Table 2 presents the PA level and health-related indicators in non-smokers. Significant differences were observed in the TG, HDL-C, and LDL-C levels (P<0.05). Post-hoc analysis showed that the never smoking vigorous PA group (NVG) had a lower TG level than the never smoking light PA group (NLG) (P=0.037). The NVG had a higher HDL-C level than the NLG (P=0.001) and never smoking moderate PA group (NMG) (P=0.003). The NLG had a higher LDL-C level than the NMG (P=0.001). No significant differences were found in the other indicators among the groups (P>0.05).

Table 3 presents the PA and health-related indicators in quitters. Significant differences were observed in the FPG, TG, and HDL-C groups (P<0.05). Post-hoc analysis showed that the quit smoking light PA group (QLG) had a higher FPG levels and lower HDL-C levels than the quit smoking moderate PA group (QMG) and quit smoking vigorous PA group (QVG) (P<0.05, respectively). TG levels in the QVG was lower than those in the QMG (P=0.013) and QLG (P=0.002).

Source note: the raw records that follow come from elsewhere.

lemma powi_rescaled_monomial:
  fixes A B d :: "'a::field"
  assumes nz: "A \<noteq> 0" "B \<noteq> 0" "d \<noteq> 0" and "rG + kG = rF + kF"
  shows "A powi rG * B powi nG * d powi (kG - 1)
       * ((B * d / A) powi (rG - rF) * (A * d / B) powi nF * (1 / d) powi (kF - b + nF))
       = A powi (rF + nF) * B powi (rG + nG - rF - nF) * d powi (b - 1)"
proof -
  define x where "x = rG - rF"
  define z where "z = kF - b + nF"
  have "A powi rG * B powi nG * d powi (kG - 1)
       * ((B * d / A) powi x * (A * d / B) powi nF * (1 / d) powi z)
      = (A powi rG * A powi nF / A powi x) * (B powi nG * B powi x / B powi nF)
       * (d powi (kG - 1) * d powi x * d powi nF / d powi z)"
    using nz by (simp add: power_int_mult_distrib power_int_divide_distrib field_simps)
  also have "\<dots> = A powi (rG + nF - x) * B powi (nG + x - nF) * d powi (kG - 1 + x + nF - z)"
    using nz by (simp add: power_int_add power_int_diff)
  also have "\<dots> = A powi (rF + nF) * B powi (rG + nG - rF - nF) * d powi (b - 1)"
    using assms(4) by (simp add: x_def z_def algebra_simps)
  finally show ?thesis unfolding x_def z_def .
qed

section \<open>Orbits of first-return maps\<close>

lemma orbit_eq_of_mem:
  assumes "permutation f" "y \<in> orbit f x"
  shows "orbit f y = orbit f x"
  by (rule orbit_cyclic_eq3[OF cyclic_on_orbit'[OF assms(1)] assms(2)])

lemma restr_rot_eqI:
  assumes "0 < m" "(f ^^ m) x \<in> S" "\<forall>j. 0 < j \<and> j < m \<longrightarrow> (f ^^ j) x \<notin> S"
  shows "restr_rot f S x = (f ^^ m) x"
proof -
  have "(LEAST m. 0 < m \<and> (f ^^ m) x \<in> S) = m"
  proof (rule Least_equality)
    show "0 < m \<and> (f ^^ m) x \<in> S"
      using assms(1,2) by simp
    fix j assume "0 < j \<and> (f ^^ j) x \<in> S"
    then have "\<not> j < m"
      using assms(3) by blast
    then show "m \<le> j" by simp
  qed
  then show ?thesis unfolding restr_rot_def by simp
qed

lemma restr_rot_first_return:
  assumes "permutation f" "x \<in> S"
  obtains m where "0 < m" "restr_rot f S x = (f ^^ m) x" "(f ^^ m) x \<in> S"
    "\<forall>j. 0 < j \<and> j < m \<longrightarrow> (f ^^ j) x \<notin> S"
proof -
  obtain p where p: "0 < p" "(f ^^ p) x = x"
    using permutation_self[OF assms(1)] by blast
  define m where "m = (LEAST m. 0 < m \<and> (f ^^ m) x \<in> S)"
  have m: "0 < m \<and> (f ^^ m) x \<in> S"
    unfolding m_def by (rule LeastI[of _ p]) (simp add: p assms(2))
  moreover have before: "\<forall>j. 0 < j \<and> j < m \<longrightarrow> (f ^^ j) x \<notin> S"
    unfolding m_def using not_less_Least by blast
  ultimately have "restr_rot f S x = (f ^^ m) x"
    by (intro restr_rot_eqI) auto
  with m before show thesis
    using that by blast
qed

lemma orbit_restr_rot_subset:
  assumes f: "permutation f" and x: "x \<in> S"
  shows "orbit (restr_rot f S) x \<subseteq> orbit f x \<inter> S"
proof
  have return: "restr_rot f S y \<in> orbit f y \<inter> S" if y: "y \<in> S" for y
  proof -
    obtain m where "0 < m" "restr_rot f S y = (f ^^ m) y" "(f ^^ m) y \<in> S"
      using restr_rot_first_return[OF f y] by blast
    then show ?thesis unfolding orbit_altdef by auto
  qed
  fix y assume "y \<in> orbit (restr_rot f S) x"
  then show "y \<in> orbit f x \<inter> S"
  proof induction
    case base
    show ?case using return[OF x] .
  next
    case (step y)
    then show ?case
      using return[of y] orbit_trans[of "restr_rot f S y" f y x] by blast
  qed
qed

lemma funpow_in_orbit_restr_rot:
  assumes f: "permutation f" and "x \<in> S" "0 < n" "(f ^^ n) x \<in> S"
  shows "(f ^^ n) x \<in> orbit (restr_rot f S) x"
  using assms(2-4)
proof (induction n arbitrary: x rule: less_induct)
  case (less n x)
  obtain m where m: "0 < m" "restr_rot f S x = (f ^^ m) x" "(f ^^ m) x \<in> S"
    "\<forall>j. 0 < j \<and> j < m \<longrightarrow> (f ^^ j) x \<notin> S"
    using restr_rot_first_return[OF f less.prems(1)] by blast
  with less.prems(2,3) have "\<not> n < m" by blast
  then have "(f ^^ n) x = (f ^^ (n - m + m)) x" by simp
  also have "\<dots> = (f ^^ (n - m)) (restr_rot f S x)"
    by (simp only: m(2) funpow_add comp_apply)
  finally have n: "(f ^^ n) x = (f ^^ (n - m)) (restr_rot f S x)" .
  show ?case
  proof (cases "m = n")
    case True
    then show ?thesis using n by (simp add: orbit.base)
  next
    case False
    then have "(f ^^ n) x \<in> orbit (restr_rot f S) (restr_rot f S x)"
      using less.IH[of "n - m" "restr_rot f S x"] n m(1-3) less.prems(2,3) \<open>\<not> n < m\<close> by simp
    then show ?thesis by (rule orbit_subset)
  qed
qed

Table 4 presents the PA and health-related indicators in smokers. The results indicate significant difference in BMI, HDL-C, and LDL-C levels (P<0.05). Further post-hoc analysis shows that the smoking vigorous PA group (SVG) has a lower BMI compared to the smoking light PA group (SLG) (P=0.006) and smoking moderate PA group (SMG) (P=0.006). Additionally, SMG has higher HDL-C levels than the SLG (P=0.001) and SVG (P=0.039), whereas SVG has lower LDL-C levels compared to SLG (P=0.019) and SMG (P=0.028).

Table 5 reports the multifactorial analysis of the effects of smoking status and PA on MetS and its components. The analysis was adjusted for multiple risk factors, and the findings suggest that smokers have a 67.8% increased risk of MetS compared to the non-smokers (OR, 1.678; 95% CI, 1.386-2.030; P<0.001), with a significantly higher risk of hypertriglyceridemia, low HDL-C levels, and increased glucose metabolism. On the other hand, quitters have a 23.3% reduced risk of low HDL-C levels (OR, 0.767; 95% CI, 0.641-0.917) compared to non-smokers. Moreover, performing LPA increases the risk of MetS by 54.8% (OR, 1.548; 95% CI, 1.188-2.017; P=0.001) and is associated with a higher risk of developing abdominal obesity and low HDL-C levels.

Table 6 displays the logistic regression analysis of PA level and smoking status on MetS. The results show a significant interaction between smoking status and PA. Specifically, VPA in non-smokers reduces the risk of MetS by 59.9% compared to LPA smokers (OR, 0.401, 95% CI, 0.256-0.627; P<0.001). Furthermore, the risk of MetS decreases in an exercise intensity-dependent manner in smokers, quitters, and non-smokers.

DISCUSSION

This study aimed to investigate the relationship between PA levels and MetS based on smoking status. The results revealed several significant differences in PA levels and MetS and its components according to the smoking status. Smoking was found to increase the risk of MetS and its components, particularly in relation to abnormalities in TG, HDL-C, and FPG levels. Increasing PA intensity, on the other hand, was associated with a decreased risk of low HDL-C levels. Additionally, both smoking and PA showed a dose-dependent effect on risk of MetS. The adjusted OR for MetS risk showed a decrease throughout in an exercise intensity-dependent manner. However, the MetS risk in smokers only reduced with VPA, not with LPA or MPA.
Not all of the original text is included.